Mechanism of Phenol Hydroxylation with Hydrogen Peroxide Catalyzed by Iron Complex Oxide

Dihydroxybenzene are both very important chemical products. The oxidation of phenol to produce catechol and hydroquinone has been researched extensively since the 1970s. In this paper, the iron complex oxide was prepared by the air oxidation of aqueous suspension method and the catalytic activities were investigated in the hydroxylation of phenol with H₂O₂ to catechol and hydroquinone. The results showed that the catalyst had higher catalytic activities and the phenol conversion could reach 24% when the phenol/H₂O₂ (mole ratio) was 3 and the catechol/hydroquinone (mole ratio) 1.5 in products. Furthermore, the interaction of the catalyst with H₂O₂ had also been demonstrated by IR spectrometry.

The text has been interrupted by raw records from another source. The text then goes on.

lemma app_mmul: "app N n (mmul N n A C) v = app N n A (app N n C v)"
proof -
  have "(\<Sum>j\<in>basis N n. (\<Sum>l\<in>basis N n. A i l * C l j) * v j)
      = (\<Sum>l\<in>basis N n. A i l * (\<Sum>j\<in>basis N n. C l j * v j))" for i
    unfolding sum_distrib_left sum_distrib_right mult.assoc by (rule sum.swap)
  then show ?thesis
    by (auto simp: app_def mmul_def cong: if_cong)
qed

lemma app_scal: "app N n (scal c A) v = (\<lambda>i. c * app N n A v i)"
  by (auto simp: app_def scal_def sum_distrib_left mult_ac)

lemma app_cmult: "app N n A (\<lambda>i. c * v i) = (\<lambda>i. c * app N n A v i)"
  by (auto simp: app_def sum_distrib_left mult_ac)

lemma app_ketbra: "app N n (ketbra x y) w = (\<lambda>i. if i \<in> basis N n then x i * inner_H N n y w else 0)"
  by (auto simp: app_def ketbra_def inner_H_def sum_distrib_left mult_ac)

lemma app_eq_0_if_columns_vanish:
  assumes "\<forall>l\<in>basis N n. v l \<noteq> 0 \<longrightarrow> app N n A (ket l) = (\<lambda>_. 0)"
  shows "app N n A v = (\<lambda>_. 0)"
proof -
  have "A i l * v l = 0" if "i \<in> basis N n" "l \<in> basis N n" for i l
  proof (cases "v l = 0")
    case False
    then have "app N n A (ket l) i = 0"
      using assms that by simp
    then show ?thesis
      using that by (simp add: app_ket)
  qed simp
  then show ?thesis
    by (auto simp: app_def fun_eq_iff intro!: sum.neutral)
qed

lemma app_zero [simp]: "app N n (\<lambda>_ _. 0) v = (\<lambda>_. 0)"
  by (simp add: app_def fun_eq_iff)

lemma adj_zero [simp]: "adj (\<lambda>_ _. 0) = (\<lambda>_ _. 0)"
  by (simp add: adj_def)

lemma adj_scal: "adj (scal c A) = scal (cnj c) (adj A)"
  by (simp add: adj_def scal_def)

lemma adj_adj [simp]: "adj (adj A) = A"
  by (simp add: adj_def)

lemma adj_ketbra: "adj (ketbra x y) = ketbra y x"
  by (simp add: adj_def ketbra_def mult.commute)

lemma inner_H_self: "inner_H N n x x = of_real (\<Sum>i\<in>basis N n. (cmod (x i))\<^sup>2)"
  unfolding inner_H_def of_real_sum
  by (intro sum.cong refl) (metis complex_norm_square mult.commute of_real_power)

lemma inner_H_self_eq_0:
  assumes "x \<in> Hsp N n"
  shows "inner_H N n x x = 0 \<longleftrightarrow> x = (\<lambda>_. 0)"
proof
  assume "inner_H N n x x = 0"
  then have "\<forall>i\<in>basis N n. (cmod (x i))\<^sup>2 = 0"
    unfolding inner_H_self of_real_eq_0_iff by (simp add: sum_nonneg_eq_0_iff)
  then show "x = (\<lambda>_. 0)"
    using assms by (auto simp: Hsp_def)
qed (simp add: inner_H_def)


section \<open>Positive operators\<close>

definition sesq :: "nat \<Rightarrow> (nat \<Rightarrow> nat) \<Rightarrow> op \<Rightarrow> vec \<Rightarrow> vec \<Rightarrow> complex" where
  "sesq N n A x y = (\<Sum>i\<in>basis N n. \<Sum>j\<in>basis N n. cnj (x i) * A i j * y j)"

lemma inner_app_eq_sesq: "inner_H N n x (app N n A y) = sesq N n A x y"
  by (simp add: inner_H_def app_def sesq_def sum_distrib_left mult.assoc)

lemma sesq_add: "sesq N n (A + B) x y = sesq N n A x y + sesq N n B x y"
  by (simp add: sesq_def algebra_simps sum.distrib)

lemma sesq_diff: "sesq N n (A - B) x y = sesq N n A x y - sesq N n B x y"
  by (simp add: sesq_def algebra_simps sum_subtractf)

lemma sesq_scal: "sesq N n (scal c A) x y = c * sesq N n A x y"
  by (simp add: sesq_def scal_def sum_distrib_left mult_ac)

lemma sesq_sum: "sesq N n (sum f S) x y = (\<Sum>s\<in>S. sesq N n (f s) x y)"
  by (induct S rule: infinite_finite_induct) (simp_all add: sesq_def distrib_left distrib_right sum.distrib)

lemma sesq_ket: "i \<in> basis N n \<Longrightarrow> j \<in> basis N n \<Longrightarrow> sesq N n A (ket i) (ket j) = A i j"
  by (simp add: sesq_def sum.remove[of _ i] sum.remove[of _ j] ket_def)

lemma sesq_expand:
  "sesq N n A (\<lambda>i. x i + c * u i) (\<lambda>i. x i + c * u i) =
     sesq N n A x x + c * sesq N n A x u + cnj c * sesq N n A u x + cnj c * c * sesq N n A u u"
  by (simp add: sesq_def algebra_simps sum.distrib sum_distrib_left)

definition hermitian_op :: "nat \<Rightarrow> (nat \<Rightarrow> nat) \<Rightarrow> op \<Rightarrow> bool" where
  "hermitian_op N n A \<longleftrightarrow> (\<forall>i\<in>basis N n. \<forall>j\<in>basis N n. A i j = cnj (A j i))"

lemma positive_op_sesq:
  assumes "positive_op N n A" "v \<in> Hsp N n"
  shows "Im (sesq N n A v v) = 0" "0 \<le> Re (sesq N n A v v)"
  using assms by (auto simp: positive_op_def inner_app_eq_sesq)

lemma positive_op_hermitian:
  assumes pos: "positive_op N n A"
  shows "hermitian_op N n A"
  unfolding hermitian_op_def
proof (intro ballI)
  fix i j assume i: "i \<in> basis N n" and j: "j \<in> basis N n"
  define f where "f c = sesq N n A (\<lambda>l. ket i l + c * ket j l) (\<lambda>l. ket i l + c * ket j l)" for c
  have f_eq: "f c = A i i + c * A i j + cnj c * A j i + cnj c * c * A j j" for c
    using i j by (simp add: f_def sesq_expand sesq_ket)
  have "Im (f c) = 0" for c
    unfolding f_def using i j by (intro positive_op_sesq(1)[OF pos]) (auto simp: Hsp_def ket_def)
  from this[of 0] this[of 1] this[of "-1"] this[of "\<i>"] show "A i j = cnj (A j i)"
    unfolding f_eq by (simp add: complex_eq_iff)
qed

lemma sesq_hermitian_swap:
  assumes "hermitian_op N n A"
  shows "sesq N n A y z = cnj (sesq N n A z y)"
proof -
  have "cnj (sesq N n A z y) = (\<Sum>i\<in>basis N n. \<Sum>j\<in>basis N n. z i * cnj (A i j) * cnj (y j))"
    by (simp add: sesq_def)
  also have "\<dots> = (\<Sum>i\<in>basis N n. \<Sum>j\<in>basis N n. cnj (y j) * A j i * z i)"
    using assms unfolding hermitian_op_def
    by (intro sum.cong refl) (metis complex_cnj_cnj mult.commute mult.left_commute)
  also have "\<dots> = sesq N n A y z"
    unfolding sesq_def by (rule sum.swap)
  finally show ?thesis
    by simp
qed

lemma app_adj_hermitian:
  assumes "hermitian_op N n A"
  shows "app N n (adj A) = app N n A"
proof -
  have "adj A i j = A i j" if "i \<in> basis N n" "j \<in> basis N n" for i j
    using assms that unfolding hermitian_op_def adj_def by (metis complex_cnj_cnj)
  then show ?thesis
    by (auto simp: app_def fun_eq_iff intro!: sum.cong)
qed

lemma hermitian_kernel_orth_range:
  assumes "hermitian_op N n A" "app N n A u = (\<lambda>_. 0)"
  shows "inner_H N n u (app N n A v) = 0"
proof -
  have "inner_H N n u (app N n A v) = inner_H N n (app N n (adj A) u) v"
    by (rule inner_app_adj)
  then show ?thesis
    using assms by (simp add: app_adj_hermitian inner_H_def)
qed

lemma hermitian_kernel_if_orth_range:
  assumes herm: "hermitian_op N n A" and orth: "\<forall>v\<in>Hsp N n. inner_H N n g (app N n A v) = 0"
  shows "app N n A g = (\<lambda>_. 0)"
proof -
  have "inner_H N n (app N n A g) (app N n A g) = inner_H N n g (app N n A (app N n A g))"
    by (simp add: inner_app_adj app_adj_hermitian[OF herm])
  also have "\<dots> = 0"
    using orth by simp
  finally show ?thesis
    by (simp add: inner_H_self_eq_0)
qed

In the presence of H₂O₂ a band at 956 cm^-1 appeared and disappeared when the H₂O₂ is replaced by H20 or the catalyst was heated over 373 K, at which temperature decomposition of iron peroxide was very likely. The band at 956 cm^-1 was due to the formation of structure of iron peroxide species and the stretching vibration of surface 0-0 species. The results of IR studies suggested that the catalyst might be react with hydrogen peroxide to form iron peroxide, which decomposed to produce·OOH radical. In the presence of DMPO (5,5-dimethyl-1-pyrroline-N-oxide) the·OH radical was also successfully captured in the hydroxylation of phenol by H₂O₂ over iron complex oxide catalyst in the first time that has been confirmed by means of ESR spectrometry. The results of ESR suggested the process of hydroxylation of phenol with H₂O₂ was probably a radical process. A possible mechanism of the catalytic process was proposed.